The area of a rhombus is \[28c{m^2}\] and one of its diagonal is 4cm. What is its perimeter?
\[\begin{array}{l}
& (a){\rm{ 4}}\sqrt {53} cm\\
&(b){\rm{ 36cm}}\\
&{\rm{(c) 2}}\sqrt {53} cm\\
&{\rm{(d) 52cm}}
\end{array}\]

Answer 1

Hint: We know that rhombus is a quadrilateral having all four sides equal.
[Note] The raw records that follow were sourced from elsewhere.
lemma limit_reward_eq_T_inf: "limit_reward = T_inf p \<gamma> B w (xi_seq Af B)"
proof -
  have "limit_reward = (\<Sum>i. (\<Sum>m\<in>{1..w}. gap_term (i + m)) + blind_term i)"
    unfolding limit_reward_def limit_reward_term_eq ..
  also have "\<dots> = (\<Sum>i. \<Sum>m\<in>{1..w}. gap_term (i + m)) + (\<Sum>i. blind_term i)"
    by (intro suminf_add[symmetric] summable_sum summable_ignore_initial_segment summable_gap_term
      summable_blind_term)
  also have "\<dots> = (\<Sum>k\<in>{1..w}. real k * gap_term k) + (\<Sum>n. real w * gap_term (n + w + 1)) + (\<Sum>i. blind_term i)"
  proof -
    have "real w * (\<Sum>n. gap_term (n + w + 1)) = (\<Sum>n. real w * gap_term (n + w + 1))"
      using summable_ignore_initial_segment[OF summable_gap_term, of "w + 1"] by (simp add: suminf_mult)
    then show ?thesis by (simp only: suminf_window_sum[OF summable_gap_term])
  qed
  also have "\<dots> = T_inf p \<gamma> B w (xi_seq Af B)"
  proof -
    have "(\<Sum>k\<in>{1..w}. real k * gap_term k)
        = (\<Sum>k=1..w. p\<^sup>2 * (1 - p) ^ (k - 1) * (real k / 2) * log 2 (1 + \<gamma> * B / real k))"
      using gap_rate_short by (intro sum.cong) (simp_all add: gap_term_def awgn_rate_def)
    moreover have "(\<Sum>i. blind_term i)
        = (\<Sum>n. p * (1 - p) ^ (Suc n + w - 1) * (1/2) * log 2 (1 + \<gamma> * xi_seq Af B (Suc n)))"
      by (simp add: blind_term_def awgn_rate_def)
    moreover have "(\<Sum>n. real w * gap_term (n + w + 1))
        = (\<Sum>n. p\<^sup>2 * (1 - p) ^ (Suc n + w - 1) * (real w / 2)
            * log 2 (1 + \<gamma> * (B - (\<Sum>j=1..Suc n. xi_seq Af B j)) / real w))"
    proof (rule suminf_cong)
      fix n
      have "gap_rate (n + w + 1) = (B - (\<Sum>j=1..Suc n. xi_seq Af B j)) / real w"
        using gap_rate_long[of "Suc n"] unfolding xi_batt_eq_diff_sum by simp
      then show "real w * gap_term (n + w + 1) = p\<^sup>2 * (1 - p) ^ (Suc n + w - 1) * (real w / 2)
          * log 2 (1 + \<gamma> * (B - (\<Sum>j=1..Suc n. xi_seq Af B j)) / real w)"
        by (simp add: gap_term_def awgn_rate_def)
    qed
    ultimately show ?thesis unfolding T_inf_def by linarith
  qed
  finally show ?thesis .
qed

end

theorem lemma1:
  fixes p \<gamma> B :: real and w :: nat and Af :: "real \<Rightarrow> real"
  assumes "0 < p" and "p < 1" and "0 < \<gamma>" and "0 < B" and "1 \<le> w"
    and "\<And>b. 0 \<le> b \<Longrightarrow> 0 \<le> Af b \<and> Af b \<le> b"
    and "is_policy B w (stat_policy B w Af) (return borel 0)"
    and "long_run_throughput p \<gamma> (stat_policy B w Af) (return borel 0)
           = opt_throughput p \<gamma> B w"
  shows "opt_throughput p \<gamma> B w = ereal (T_inf p \<gamma> B w (xi_seq Af B))"
proof -
  interpret stationary_policy_throughput B w Af p \<gamma>
    using assms(1-6) by unfold_locales auto
  show ?thesis
    using assms(8) long_run_throughput_eq limit_reward_eq_T_inf by simp
qed

end
definition edge_cell :: "'b \<Rightarrow> 'b \<Rightarrow> nat set list \<Rightarrow> nat set list \<Rightarrow> 'b list" where
  "edge_cell b b' = (\<lambda>c. if c \<in> chains 1
     then (\<lambda>d. if d \<in> chains (length c - 1) then map (edge_vertex b b' c) d else undefined)
     else undefined)"

lemma const_cell_cells:
  assumes "{e} \<in> simps E"
  shows "const_cell k e \<in> cells (Ex (Sing E)) k"
proof (rule cells_ExI)
  fix d assume "d \<in> chains k"
  then show "const_cell k e d \<in> cells (Sing E) (length d - 1)"
    using chains_ne[of d k] assms unfolding const_cell_def cells_Sing by simp
next
  fix d j \<theta> assume d: "d \<in> chains k" and \<theta>: "simp_op j (length d - 1) \<theta>"
  show "const_cell k e (map (\<lambda>i. d ! \<theta> i) [0..<Suc j]) =
      act (Sing E) j (length d - 1) \<theta> (const_cell k e d)"
    using chains_reindex[OF d \<theta>] d simp_op_nth_less[OF \<theta> chains_ne[OF d]]
    unfolding const_cell_def act_Sing
    by (simp only: if_True map_nth_replicate length_map length_upt) simp
next
  fix d assume "d \<notin> chains k"
  then show "const_cell k e d = undefined" unfolding const_cell_def by simp
qed

lemma act_const_cell:
  assumes "simp_op k m \<theta>"
  shows "act (Ex (Sing E)) k m \<theta> (const_cell m e) = const_cell k e"
proof
  fix d
  show "act (Ex (Sing E)) k m \<theta> (const_cell m e) d = const_cell k e d"
    using chains_image[OF _ assms, of d] unfolding act_Ex const_cell_def by simp
qed

lemma vertex_cell_cells:
  assumes "{e} \<in> simps E"
  shows "vertex_cell e \<in> cells (Ex (Ex (Sing E))) 0"
proof (rule cells_ExI)
  fix c assume c: "c \<in> chains 0"
  show "vertex_cell e c \<in> cells (Ex (Sing E)) (length c - 1)"
    using c const_cell_cells[OF assms] unfolding vertex_cell_def by simp
next
  fix c k \<theta> assume c: "c \<in> chains 0" and \<theta>: "simp_op k (length c - 1) \<theta>"
  have "vertex_cell e (map (\<lambda>j. c ! \<theta> j) [0..<Suc k]) = const_cell k e"
    using chains_reindex[OF c \<theta>] unfolding vertex_cell_def by (simp del: upt_Suc)
  also have "\<dots> = act (Ex (Sing E)) k (length c - 1) \<theta> (const_cell (length c - 1) e)"
    by (rule act_const_cell[OF \<theta>, symmetric])
  also have "\<dots> = act (Ex (Sing E)) k (length c - 1) \<theta> (vertex_cell e c)"
    using c unfolding vertex_cell_def by simp
  finally show "vertex_cell e (map (\<lambda>j. c ! \<theta> j) [0..<Suc k]) =
      act (Ex (Sing E)) k (length c - 1) \<theta> (vertex_cell e c)" .
next
  fix c assume "c \<notin> chains 0"
  then show "vertex_cell e c = undefined" unfolding vertex_cell_def by simp
qed
lemma greg_num_Suc:
  assumes l: "l \<ge> 1"
  shows "greg_num (Suc l) u = rooted_greg_num l u + greg_num l (Suc u) + greg_num l u * (l + u - 1)"
proof -
  define V where "V = {0..<Suc l+u}"
  define L where "L = {0..<l}"
  have fin: "finite V" and aV: "l \<in> V" "l \<notin> L" and c: "card V \<ge> 2"
    and LV: "L \<subseteq> V" "L \<subseteq> V - {l}" and VL: "V - {l} - L = {Suc l..<Suc l+u}"
    using l by (auto simp: V_def L_def)
  have "card (greg_trees_on (insert l L) V)
          = card (rooted_greg_trees_on L (V-{l})) + card (greg_trees_on L V)
            + card (greg_trees_on L (V-{l})) * (card V - 2)"
    by (rule card_greg_trees_on_insert[OF fin aV c])
  moreover have "insert l L = {0..<Suc l}"
    by (auto simp: L_def)
  moreover have "card (greg_trees_on L V) = greg_num l (Suc u)"
    using card_greg_trees_on_eq[OF fin LV(1)] by (simp add: V_def L_def)
  moreover have "card (greg_trees_on L (V - {l})) = greg_num l u"
    using card_greg_trees_on_eq[of "V - {l}" L] fin LV(2) VL by (simp add: L_def)
  moreover have "card (rooted_greg_trees_on L (V-{l})) = rooted_greg_num l u"
    using card_rooted_greg_trees_on_eq[of "V - {l}" L] fin LV(2) VL by (simp add: L_def)
  ultimately show ?thesis
    by (simp add: V_def greg_num_def)
qed

text \<open>Counting degrees: the \<open>|L|\<close> labelled vertices have degree at least 1 and the others at
  least 3, while the degrees sum to \<open>2(|V| - 1)\<close>.\<close>

lemma card_unlabelled_le:
  assumes E: "E \<in> greg_trees_on L V" and LV: "L \<subseteq> V" and c: "card V \<ge> 2"
  shows "card (V - L) + 2 \<le> card L"
proof -
  have T: "is_tree V E"
    using E by (simp add: greg_trees_on_def)
  have fin: "finite V"
    using tree_finite[OF T] .
  have "(\<Sum>v\<in>L. 1) \<le> (\<Sum>v\<in>L. deg E v)"
    using tree_deg_pos[OF T _ c] LV by (intro sum_mono) auto
  moreover have "(\<Sum>v\<in>V-L. 3) \<le> (\<Sum>v\<in>V-L. deg E v)"
    using E by (intro sum_mono) (auto simp: greg_trees_on_def)
  moreover have "(\<Sum>v\<in>V. deg E v) = (\<Sum>v\<in>L. deg E v) + (\<Sum>v\<in>V-L. deg E v)"
    using sum.subset_diff[OF LV fin] by (simp add: add.commute)
  moreover have "card V = card L + card (V - L)"
    using LV fin by (metis card_Diff_subset card_mono finite_subset le_add_diff_inverse)
  ultimately show ?thesis
    using sum_deg_eq[OF fin tree_simple_edges[OF T]] T by (simp add: is_tree_iff)
qed

lemma greg_num_eq_0:
  assumes "l + u \<ge> 2" and "l < u + 2"
  shows "greg_num l u = 0"
  using card_unlabelled_le[of _ "{0..<l}" "{0..<l+u}"] assms
  by (fastforce simp: greg_num_def)

lemma greg_num_1_0: "greg_num 1 0 = 1"
proof -
  have "greg_trees_on {0..<1} {0..<1} = {{}}"
  proof
    show "{{}} \<subseteq> greg_trees_on {0..<1} {0..<1}"
      by (simp add: greg_trees_on_def is_tree_iff simple_edges_def connected_on_def)
    show "greg_trees_on {0..<1} {0..<1} \<subseteq> {{}}"
      using tree_card_edges tree_finite_edges by (fastforce simp: greg_trees_on_def)
  qed
  then show ?thesis
    by (simp add: greg_num_def)
qed

section \<open>Exponential coefficients of the polynomials \<open>G\<^sub>n\<close> and \<open>H\<^sub>n\<close>\<close>

definition ecoeff :: "'a::{idom,ring_char_0} poly \<Rightarrow> nat \<Rightarrow> 'a" where
  "ecoeff P k = coeff P k * fact k"

lemma ecoeff_add: "ecoeff (P + Q) k = ecoeff P k + ecoeff Q k"
  by (simp add: ecoeff_def algebra_simps)

lemma ecoeff_smult: "ecoeff (smult c P) k = c * ecoeff P k"
  by (simp add: ecoeff_def)

lemma ecoeff_pCons_0: "ecoeff (pCons 0 P) k = of_nat k * ecoeff P (k - 1)"
  by (cases k) (simp_all add: ecoeff_def algebra_simps)

lemma ecoeff_pderiv: "ecoeff (pderiv P) k = ecoeff P (Suc k)"
  by (simp add: ecoeff_def coeff_pderiv algebra_simps)

text \<open>Multiplication by \<open>x\<close> and differentiation act on exponential coefficients as index shifts,
  which turns the defining recurrences of \<open>G\<^sub>n\<close> and \<open>H\<^sub>n\<close> into the following.\<close>

lemma ecoeff_recurrence_step:
  fixes P :: "'a::{idom,ring_char_0} poly"
  shows "ecoeff ([:A, B:] * P + [:1, 1:]^2 * pderiv P) k
           = ecoeff P (Suc k) + (A + 2 * of_nat k) * ecoeff P k
             + of_nat k * (B + of_nat k - 1) * ecoeff P (k - 1)"
proof -
  have split: "[:A, B:] * P + [:1, 1:]^2 * pderiv P
      = smult A P + pCons 0 (smult B P) + pderiv P + smult 2 (pCons 0 (pderiv P))
        + pCons 0 (pCons 0 (pderiv P))"
    by (simp add: power2_eq_square algebra_simps smult_add_left one_pCons)
  show ?thesis
  proof (cases k)
    case (Suc m)
    then show ?thesis
      unfolding split ecoeff_add ecoeff_smult
      by (cases m) (simp_all add: ecoeff_smult ecoeff_pCons_0 ecoeff_pderiv algebra_simps)
  next
    case 0
    then show ?thesis
      unfolding split ecoeff_add ecoeff_smult by (simp add: ecoeff_pCons_0 ecoeff_pderiv)
  qed
qed

lemma rooted_greg_num_int:
  assumes "n \<ge> 1"
  shows "int (rooted_greg_num n k) = (int n + int k) * int (greg_num n k)
           + int k * (int n + int k - 2) * int (greg_num n (k - 1))"
proof (cases k)
  case (Suc m)
  then have "int (n + k - 2) = int n + int k - 2"
    using assms by simp
  then show ?thesis
    unfolding rooted_greg_num_def of_nat_add of_nat_mult by (simp add: algebra_simps)
qed (simp add: rooted_greg_num_def)

lemma greg_num_Suc_int:
  assumes "n \<ge> 1"
  shows "int (greg_num (Suc n) k) = int (greg_num n (Suc k))
           + (2 * int n + 2 * int k - 1) * int (greg_num n k)
           + int k * (int n + int k - 2) * int (greg_num n (k - 1))"
proof -
  have "int (n + k - 1) = int n + int k - 1"
    using assms by simp
  then show ?thesis
    unfolding greg_num_Suc[OF assms] of_nat_add of_nat_mult rooted_greg_num_int[OF assms]
    by (simp add: algebra_simps)
qed

lemma H_Suc: "n \<ge> 1 \<Longrightarrow> H (Suc n) = [:2 * int n - 1, int n - 1:] * H n + [:1, 1:]^2 * pderiv (H n)"
  by (cases n) auto

lemma G_Suc: "n \<ge> 1 \<Longrightarrow> G (Suc n) = [:2 * int n, int n:] * G n + [:1, 1:]^2 * pderiv (G n)"
  by (cases n) auto

lemma ecoeff_H:
  assumes "n \<ge> 1"
  shows "ecoeff (H n) k = int (greg_num n k)"
  using assms
proof (induction n arbitrary: k rule: nat_induct_at_least)
  case base
  then show ?case
    using greg_num_1_0 greg_num_eq_0[of 1 k] by (cases k) (simp_all add: ecoeff_def)
next
  case (Suc n)
  have "ecoeff (H (Suc n)) k = ecoeff (H n) (Suc k) + (2 * int n - 1 + 2 * int k) * ecoeff (H n) k
          + int k * (int n - 1 + int k - 1) * ecoeff (H n) (k - 1)"
    unfolding H_Suc[OF Suc.hyps] ecoeff_recurrence_step ..
  then show ?case
    by (simp add: Suc.IH greg_num_Suc_int[OF Suc.hyps] algebra_simps)
qed

lemma ecoeff_G:
  assumes "n \<ge> 1"
  shows "ecoeff (G n) k = int (rooted_greg_num n k)"
  using assms
proof (induction n arbitrary: k rule: nat_induct_at_least)
  case base
  have "greg_num 1 k = 0" "greg_num 1 (k - 1) * (k - 1) = 0" if "k \<ge> 1"
    using that greg_num_eq_0[of 1 k] greg_num_eq_0[of 1 "k - 1"] by (cases "k = 1"; simp)+
  then show ?case
    using greg_num_1_0 by (cases k) (auto simp: ecoeff_def rooted_greg_num_def)
next
  case (Suc n)
  have "ecoeff (G (Suc n)) k = ecoeff (G n) (Suc k) + (2 * int n + 2 * int k) * ecoeff (G n) k
          + int k * (int n + int k - 1) * ecoeff (G n) (k - 1)"
    unfolding G_Suc[OF Suc.hyps] ecoeff_recurrence_step ..
  also have "\<dots> = int (rooted_greg_num (Suc n) k)"
    unfolding Suc.IH rooted_greg_num_int[OF Suc.hyps] rooted_greg_num_int[of "Suc n", simplified]
      greg_num_Suc_int[OF Suc.hyps]
    by (cases k) (simp_all add: algebra_simps)
  finally show ?case .
qed

section \<open>Counting orbits of a free action of symmetric groups\<close>

definition perm_orbit_rel ::
    "(nat \<times> 'b) set \<Rightarrow> (nat \<Rightarrow> 'c set) \<Rightarrow> (('c \<Rightarrow> 'c) \<Rightarrow> 'b \<Rightarrow> 'b) \<Rightarrow> ((nat \<times> 'b) \<times> (nat \<times> 'b)) set"
  where "perm_orbit_rel X U act =
    {((k,x),(k',y)). (k,x) \<in> X \<and> k' = k \<and> (\<exists>p. p permutes U k \<and> y = act p x)}"

locale free_perm_action =
  fixes X :: "(nat \<times> 'b) set" and U :: "nat \<Rightarrow> 'c set" and act :: "('c \<Rightarrow> 'c) \<Rightarrow> 'b \<Rightarrow> 'b"
  assumes finite_X: "finite X"
    and finite_U: "finite (U k)"
    and card_U: "card (U k) = k"
    and act_closed: "(k,x) \<in> X \<Longrightarrow> p permutes U k \<Longrightarrow> (k, act p x) \<in> X"
    and act_id: "(k,x) \<in> X \<Longrightarrow> act id x = x"
    and act_comp: "(k,x) \<in> X \<Longrightarrow> p permutes U k \<Longrightarrow> q permutes U k \<Longrightarrow> act (p \<circ> q) x = act p (act q x)"
    and act_free: "(k,x) \<in> X \<Longrightarrow> p permutes U k \<Longrightarrow> act p x = x \<Longrightarrow> p = id"
begin

abbreviation "R \<equiv> perm_orbit_rel X U act"

lemma act_inv:
  assumes x: "(k,x) \<in> X" and p: "p permutes U k"
  shows "act (inv p) (act p x) = x"
  using act_comp[OF x permutes_inv[OF p] p] permutes_inv_o(2)[OF p] act_id[OF x] by simp

lemma equiv_perm_orbit_rel: "equiv X R"
proof (rule equivI)
  show "R \<subseteq> X \<times> X"
    using act_closed by (auto simp: perm_orbit_rel_def)
  show "refl_on X R"
    using act_id by (auto simp: refl_on_def perm_orbit_rel_def intro!: exI[of _ id])
  show "sym R"
  proof (rule symI)
    fix a b assume "(a,b) \<in> R"
    then obtain k x p where "a = (k,x)" "b = (k, act p x)" "(k,x) \<in> X" "p permutes U k"
      by (auto simp: perm_orbit_rel_def)
    then show "(b,a) \<in> R"
      using act_closed act_inv permutes_inv by (fastforce simp: perm_orbit_rel_def)
  qed
  show "trans R"
  proof (rule transI)
    fix a b c assume "(a,b) \<in> R" "(b,c) \<in> R"
    then obtain k x p q where "a = (k,x)" "b = (k, act p x)" "c = (k, act q (act p x))"
      and "(k,x) \<in> X" "p permutes U k" "q permutes U k"
      by (auto simp: perm_orbit_rel_def)
    then show "(a,c) \<in> R"
      using act_comp permutes_compose by (fastforce simp: perm_orbit_rel_def)
  qed
qed

lemma perm_orbit_rel_class:
  "(k,x) \<in> X \<Longrightarrow> R``{(k,x)} = (\<lambda>p. (k, act p x)) ` {p. p permutes U k}"
  by (auto simp: perm_orbit_rel_def)

lemma card_perm_orbit:
  assumes x: "(k,x) \<in> X"
  shows "card (R``{(k,x)}) = fact k"
proof -
  have "inj_on (\<lambda>p. act p x) {p. p permutes U k}"
  proof (rule inj_onI)
    fix p q assume "p \<in> {p. p permutes U k}" "q \<in> {p. p permutes U k}" and e: "act p x = act q x"
    then have p: "p permutes U k" and q: "q permutes U k"
      by auto
    have "act (inv q \<circ> p) x = x"
      using act_comp[OF x permutes_inv[OF q] p] e act_inv[OF x q] by simp
    then have "inv q \<circ> p = id"
      using act_free[OF x permutes_compose[OF p permutes_inv[OF q]]] by simp
    then have "q \<circ> (inv q \<circ> p) = q"
      by simp
    then show "p = q"
      using permutes_inv_o(1)[OF q] by (simp add: o_assoc)
  qed
  then have "inj_on (\<lambda>p. (k, act p x)) {p. p permutes U k}"
    by (auto simp: inj_on_def)
  then show ?thesis
    using perm_orbit_rel_class[OF x] card_permutations[OF card_U finite_U] by (simp add: card_image)
qed

lemma unl_perm_orbit:
  assumes "(k,x) \<in> X"
  shows "unl (R``{(k,x)}) = k"
proof -
  have "(k, act id x) \<in> R``{(k,x)}"
    using perm_orbit_rel_class[OF assms] by auto
  then have "fst ` (R``{(k,x)}) = {k}"
    using perm_orbit_rel_class[OF assms] by force
  then show ?thesis
    by (simp add: unl_def)
qed

lemma finite_perm_orbits: "finite (X // R)"
proof -
  have "X // R \<subseteq> Pow X"
    using in_quotient_imp_subset[OF equiv_perm_orbit_rel] by auto
  then show ?thesis
    using finite_X finite_subset by blast
qed

lemma perm_orbit_cases:
  assumes "\<Gamma> \<in> X // R"
  obtains k x where "(k,x) \<in> X" and "\<Gamma> = R``{(k,x)}"
  using assms by (auto elim: quotientE)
The area of a rhombus is equal to half of the product of its diagonal and its perimeter is equal to 4 times each side of the rhombus.
Mathematically,
Area\[ = \dfrac{1}{2} \times \left( {{d_1} \times {d_2}} \right)\], Perimeter\[ = 4a\]
Where, \[{d_1},{d_2}{\rm{ and\ a}}\] are the diagonals and sides of a rhombus.

Complete step-by-step answer:
We have been given the area of a rhombus as \[28c{m^2}\] and one of its diagonal is 4cm.

Let, the rhombus ABCD of side length 'a' cm, the diagonal \[{\rm{AC}} = {\rm{4cm }},{\rm{ BD}} = {\rm{lcm}}\] and its area \[ = 28\,c{m^2}\] . Also, the diagonal interest at O.

We know that area of rhombus \[ = \dfrac{1}{2} \times {d_1} \times {d_2}\]
Where, \[{d_1}{\rm{ and\ }}{d_2}\] are diagonals.
\[\begin{array}{l} \Rightarrow \dfrac{1}{2} \times 4 \times l = 28\\ \Rightarrow 2 \times l = 28\\ \Rightarrow l = \dfrac{{28}}{2}\\ \Rightarrow l = 14cm.\\ \Rightarrow BD = 14cm\end{array}\]
Since, we know that the diagonal gets bisected at the point of intersection.
\[\begin{array}{l} \Rightarrow AO = OC = 2cm\\ \Rightarrow BO = OD = 7cm\end{array}\]
In \[\Delta AOB\], we have
\[{\rm{AO}} = {\rm{2cm\ and\ OB}} = {\rm{7cm}}\].
Using Pythagora's theorem, which states that, the sum of square of perpendicular and base of a right angled triangle is equal to square of its hypotenuse.
\[\begin{array}{l} \Rightarrow A{B^2} = A{O^2} + B{O^2}\\ \Rightarrow {2^2} + {7^2}\\ \Rightarrow 4 + 49\\ \Rightarrow A{B^2} = 53\end{array}\]
Taking square root both sides, we get:
\[AB = \sqrt {53} \,cm\]
We know, perimeter of the rhombus is equal to 4 times its each side.
\[\begin{array}{l} \Rightarrow Perimeter = 4 \times \sqrt {53} \\ \Rightarrow 4\sqrt {53} cm\end{array}\]
Therefore, the correct option is ‘a’.

Note: In this type of question, it is better to draw a suitable diagram according to the question, as you can easily visualize what you have to find next, so that you can get the required value. You can also use the direct formula in terms of area (A), diagonals \[\left( {{d_1}} \right)\] as follows:
Perimeter \[ = 4\sqrt {{{\left( {\dfrac{A}{{{d_1}}}} \right)}^2} + {{\left( {\dfrac{{{d_1}}}{2}} \right)}^2}} \]